___ Record set

(* For every integer $r\ge1$ there is a constant $C_r$ such that for every irreducible type $r$ random walk on a cyclic group $\mathbb{Z}/n\mathbb{Z}$ with transition matrix $A$, \[(1-|\lambda_m|)\,t_A(\tfrac12)\le C_r,\] where $|\lambda_m|=\max_{k\neq 0}|\lambda_k|$ is the largest absolute value of a nontrivial eigenvalue of $A$.
   Context: A type $r$ random walk on $\mathbb{Z}/n\mathbb{Z}$: $n\ge\pi^r$, and from $x$ the walk moves to $x+s$ with $s$ chosen uniformly among the $2r+1$ steps $\pm a_1,\dots,\pm a_r,0$ for some $a_1,\dots,a_r\in\mathbb{Z}/n\mathbb{Z}$. $A$ is its transition matrix with eigenvalues $\lambda_0=1,\lambda_1,\dots,\lambda_{n-1}$. With ${\bf v}_0=\frac1n{\bf 1}$ and ${\bf x}_0=(1,0,\dots,0)$, $d_A(t)=|A^t{\bf x}_0-{\bf v}_0|_1$ and $t_A(d)=\max\{t: d_A(t)\ge d\}$. *)

theory Defs
  imports Complex_Main
begin

text \<open>Elements of Z/nZ are represented by the naturals 0..<n.  A type r random walk is
given by n and generators a 0, ..., a (r-1) (integers, read modulo n).  The
2r+1 steps are the list 0, a 0, -a 0, ..., a (r-1), -a (r-1), each chosen with
probability 1/(2r+1) (steps counted with multiplicity).
rw_matrix n r a y x is the probability of moving from x to y (column-stochastic,
so that A acts on column distribution vectors; the matrix is symmetric anyway).\<close>

definition rw_matrix :: "nat \<Rightarrow> nat \<Rightarrow> (nat \<Rightarrow> int) \<Rightarrow> nat \<Rightarrow> nat \<Rightarrow> real" where
  "rw_matrix n r a y x =
     (of_bool (int x mod int n = int y)
      + (\<Sum>i<r. of_bool ((int x + a i) mod int n = int y)
               + of_bool ((int x - a i) mod int n = int y)))
     / real (2 * r + 1)"

fun mat_pow :: "nat \<Rightarrow> (nat \<Rightarrow> nat \<Rightarrow> real) \<Rightarrow> nat \<Rightarrow> nat \<Rightarrow> nat \<Rightarrow> real" where
  "mat_pow n A 0 = (\<lambda>y x. of_bool (y = x))"
| "mat_pow n A (Suc t) = (\<lambda>y x. \<Sum>z<n. A y z * mat_pow n A t z x)"

definition rw_irreducible :: "nat \<Rightarrow> nat \<Rightarrow> (nat \<Rightarrow> int) \<Rightarrow> bool" where
  "rw_irreducible n r a \<longleftrightarrow>
     (\<forall>x<n. \<forall>y<n. \<exists>t. mat_pow n (rw_matrix n r a) t y x > 0)"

______

■ Activity: Every line in the records above that contains the word "real" is to be copied out.

■ Result below:
definition rw_matrix :: "nat \<Rightarrow> nat \<Rightarrow> (nat \<Rightarrow> int) \<Rightarrow> nat \<Rightarrow> nat \<Rightarrow> real" where
     / real (2 * r + 1)"
fun mat_pow :: "nat \<Rightarrow> (nat \<Rightarrow> nat \<Rightarrow> real) \<Rightarrow> nat \<Rightarrow> nat \<Rightarrow> nat \<Rightarrow> real" where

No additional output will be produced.